BEGIN Dataset content

text \<open>The core of Sylvester's law of inertia: otherwise some \<open>y = G u\<close>, with \<open>u\<close> supported on
  the positive entries of \<open>D\<^sub>1\<close>, makes the quadratic form positive when read through \<open>D\<^sub>1\<close> and
  non-positive when read through \<open>D\<^sub>2\<close>.\<close>
lemma positive_count_le_of_congruent:
  fixes B1 B2 G :: "real mat"
  assumes B1: "B1 \<in> carrier_mat n m1" and B2: "B2 \<in> carrier_mat n m2" and G: "G \<in> carrier_mat n m1"
    and e1: "length e1 = m1" and e2: "length e2 = m2"
    and B1G: "transpose_mat B1 * G = 1\<^sub>m m1"
    and eq: "B1 * weight_mat e1 * transpose_mat B1 = B2 * weight_mat e2 * transpose_mat B2"
  shows "length (filter (\<lambda>a. a > 0) e1) \<le> length (filter (\<lambda>a. a > 0) e2)"
proof (rule ccontr)
  define S1 where "S1 = {r. r < m1 \<and> e1 ! r > 0}"
  define S2 where "S2 = {r. r < m2 \<and> e2 ! r > 0}"
  assume "\<not> ?thesis"
  then have card: "card S2 < card S1" unfolding S1_def S2_def length_filter_conv_card e1 e2 by simp
  have N: "transpose_mat B2 * G \<in> carrier_mat m2 m1" using B2 G by auto
  obtain u where u: "u \<in> carrier_vec m1" "u \<noteq> 0\<^sub>v m1"
    "\<And>i. i < m1 \<Longrightarrow> i \<notin> S1 \<Longrightarrow> u $ i = 0" "\<And>r. r \<in> S2 \<Longrightarrow> ((transpose_mat B2 * G) *\<^sub>v u) $ r = 0"
    by (rule underdetermined_system_nonzero_solution[OF N _ _ card]) (auto simp: S1_def S2_def)
  define y where "y = G *\<^sub>v u"
  have y: "y \<in> carrier_vec n" unfolding y_def using G u by auto
  have "transpose_mat B1 *\<^sub>v y = (transpose_mat B1 * G) *\<^sub>v u"
    unfolding y_def using B1 G u by simp
  then have B1y: "transpose_mat B1 *\<^sub>v y = u" using B1G u by simp
  have B2y: "transpose_mat B2 *\<^sub>v y = (transpose_mat B2 * G) *\<^sub>v u"
    unfolding y_def using B2 G u by simp
  define q where "q = y \<bullet> ((B1 * weight_mat e1 * transpose_mat B1) *\<^sub>v y)"
  obtain i where i: "i < m1" "u $ i \<noteq> 0" using nonzero_vec_index[OF u(1,2)] .
  have "q > 0"
    unfolding q_def quadratic_form_congruence[OF B1 e1 y] B1y
  proof (rule sum_pos2[of _ i])
    show "0 < e1 ! i * (u $ i)\<^sup>2" using u(3) i unfolding S1_def by fastforce
    show "0 \<le> e1 ! r * (u $ r)\<^sup>2" if "r \<in> {..<m1}" for r
      using u(3)[of r] that unfolding S1_def by (cases "e1 ! r > 0") auto
  qed (use i in auto)
  moreover have "q \<le> 0"
    unfolding q_def eq quadratic_form_congruence[OF B2 e2 y] B2y
  proof (rule sum_nonpos)
    show "e2 ! r * (((transpose_mat B2 * G) *\<^sub>v u) $ r)\<^sup>2 \<le> 0" if "r \<in> {..<m2}" for r
      using u(4)[of r] that unfolding S2_def by (cases "e2 ! r > 0") (auto simp: mult_nonpos_nonneg)
  qed
  ultimately show False by simp
qed

lemma congruence_weight_mat_map_uminus:
  fixes B :: "real mat"
  assumes "B \<in> carrier_mat n m" "length e = m"
  shows "B * weight_mat (map uminus e) * transpose_mat B = - (B * weight_mat e * transpose_mat B)"
proof -
  have "weight_mat (map uminus e) = - weight_mat e"
    unfolding weight_mat_def by (intro eq_matI) auto
  moreover have "dim_col B = dim_row (weight_mat e)"
    "dim_col (B * weight_mat e) = dim_row (transpose_mat B)"
    using assms unfolding weight_mat_def by auto
  ultimately show ?thesis by simp
qed

lemma negative_count_le_of_congruent:
  fixes B1 B2 G :: "real mat"
  assumes "B1 \<in> carrier_mat n m1" "B2 \<in> carrier_mat n m2" "G \<in> carrier_mat n m1"
    and "length e1 = m1" "length e2 = m2"
    and "transpose_mat B1 * G = 1\<^sub>m m1"
    and eq: "B1 * weight_mat e1 * transpose_mat B1 = B2 * weight_mat e2 * transpose_mat B2"
  shows "length (filter (\<lambda>a. a < 0) e1) \<le> length (filter (\<lambda>a. a < 0) e2)"
proof -
  have "B1 * weight_mat (map uminus e1) * transpose_mat B1
      = B2 * weight_mat (map uminus e2) * transpose_mat B2"
    using eq congruence_weight_mat_map_uminus assms(1,2,4,5) by metis
  from positive_count_le_of_congruent[OF assms(1-3) _ _ assms(6) this] assms(4,5)
  show ?thesis by (simp add: filter_map o_def)
qed

lemma symmetric_congruence:
  fixes P M :: "real mat"
  assumes P: "P \<in> carrier_mat n k" and M: "M \<in> carrier_mat k k" and sym: "transpose_mat M = M"
  shows "transpose_mat (P * M * transpose_mat P) = P * M * transpose_mat P"
proof -
  have PM: "P * M \<in> carrier_mat n k" using P M by auto
  show ?thesis
    using transpose_mult[OF PM, of "transpose_mat P" n] transpose_mult[OF P M] P M sym
    by (simp add: assoc_mult_mat[of P n k M k "transpose_mat P" n])
qed

theorem inertia_congruence_full_column_rank:
  fixes P M G :: "real mat"
  assumes P: "P \<in> carrier_mat n k" and M: "M \<in> carrier_mat k k" and sym: "transpose_mat M = M"
    and G: "G \<in> carrier_mat k k" and GP: "G * (transpose_mat P * P) = 1\<^sub>m k"
  shows "num_pos_eigs (P * M * transpose_mat P) = num_pos_eigs M"
    and "num_neg_eigs (P * M * transpose_mat P) = num_neg_eigs M"
    and "num_zero_eigs (P * M * transpose_mat P) + k = num_zero_eigs M + n"
proof -
  define L where "L = P * M * transpose_mat P"
  have L: "L \<in> carrier_mat n n" unfolding L_def using P M by auto
  obtain U d where U: "orthogonal_matrix k U" and d: "length d = k"
    and M_eq: "M = U * weight_mat d * transpose_mat U"
    using real_symmetric_diagonalization[OF M sym] by blast
  obtain V d' where V: "orthogonal_matrix n V" and d': "length d' = n"
    and L_eq: "L = V * weight_mat d' * transpose_mat V"
    using real_symmetric_diagonalization[OF L symmetric_congruence[OF P M sym, folded L_def]] by blast
  note U' = orthogonal_matrixD[OF U] and V' = orthogonal_matrixD[OF V]
  define A where "A = P * U"
  have A: "A \<in> carrier_mat n k" unfolding A_def using P U'(1) by auto
  have D: "weight_mat d \<in> carrier_mat k k" using weight_mat_carrier[of d] d by simp
  have "L = P * (U * weight_mat d * transpose_mat U) * transpose_mat P" unfolding L_def M_eq ..
  also have "\<dots> = A * weight_mat d * transpose_mat A"
    unfolding A_def using P U'(1) D
    by (simp add: transpose_mult assoc_mult_mat[of _ n k _ k _ k] assoc_mult_mat[of _ k k _ k _ n]
        assoc_mult_mat[of _ n k _ k _ n])
  finally have LA: "V * weight_mat d' * transpose_mat V = A * weight_mat d * transpose_mat A"
    unfolding L_eq .
  txt \<open>\<open>A\<^sup>T\<close> is onto as well, with right inverse \<open>P G U\<close>.\<close>
  have PP: "transpose_mat P * P \<in> carrier_mat k k" using P by auto
  have PG: "(transpose_mat P * P) * G = 1\<^sub>m k" by (rule mat_mult_left_right_inverse[OF G PP GP])
  define C where "C = P * G * U"
  have C: "C \<in> carrier_mat n k" unfolding C_def using P G U'(1) by auto
  have "transpose_mat A * C = transpose_mat U * ((transpose_mat P * P) * G) * U"
    unfolding A_def C_def transpose_mult[OF P U'(1)] using P G U'(1)
    by (simp add: assoc_mult_mat[of _ k k _ k _ k] assoc_mult_mat[of _ k n _ k _ k]
        assoc_mult_mat[of _ k n _ n _ k] assoc_mult_mat[of _ k k _ n _ k] assoc_mult_mat[of _ n k _ k _ k])
  then have AC: "transpose_mat A * C = 1\<^sub>m k" unfolding PG using U' by simp
  have pos: "length (filter (\<lambda>a. a > 0) d') = length (filter (\<lambda>a. a > 0) d)"
    using positive_count_le_of_congruent[OF V'(1) A V'(1) d' d V'(2) LA]
      positive_count_le_of_congruent[OF A V'(1) C d d' AC LA[symmetric]] by simp
  have neg: "length (filter (\<lambda>a. a < 0) d') = length (filter (\<lambda>a. a < 0) d)"
    using negative_count_le_of_congruent[OF V'(1) A V'(1) d' d V'(2) LA]
      negative_count_le_of_congruent[OF A V'(1) C d d' AC LA[symmetric]] by simp
  have split: "length (filter (\<lambda>a. a > 0) xs) + length (filter (\<lambda>a. a < 0) xs)
      + length (filter (\<lambda>a. a = 0) xs) = length xs" for xs :: "real list"
    by (induction xs) auto
  note counts_M = eigen_counts_orthogonal_congruence[OF U d, folded M_eq]
  note counts_L = eigen_counts_orthogonal_congruence[OF V d', folded L_eq, unfolded L_def]
  show "num_pos_eigs (P * M * transpose_mat P) = num_pos_eigs M"
    "num_neg_eigs (P * M * transpose_mat P) = num_neg_eigs M"
    "num_zero_eigs (P * M * transpose_mat P) + k = num_zero_eigs M + n"
    unfolding counts_M counts_L using pos neg split[of d] split[of d'] d d' by linarith+
qed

END Dataset content

■ Action item: Only the lines containing the word "blast" should be returned from the data above.

■ Exercise answer:
    using real_symmetric_diagonalization[OF M sym] by blast
    using real_symmetric_diagonalization[OF L symmetric_congruence[OF P M sym, folded L_def]] by blast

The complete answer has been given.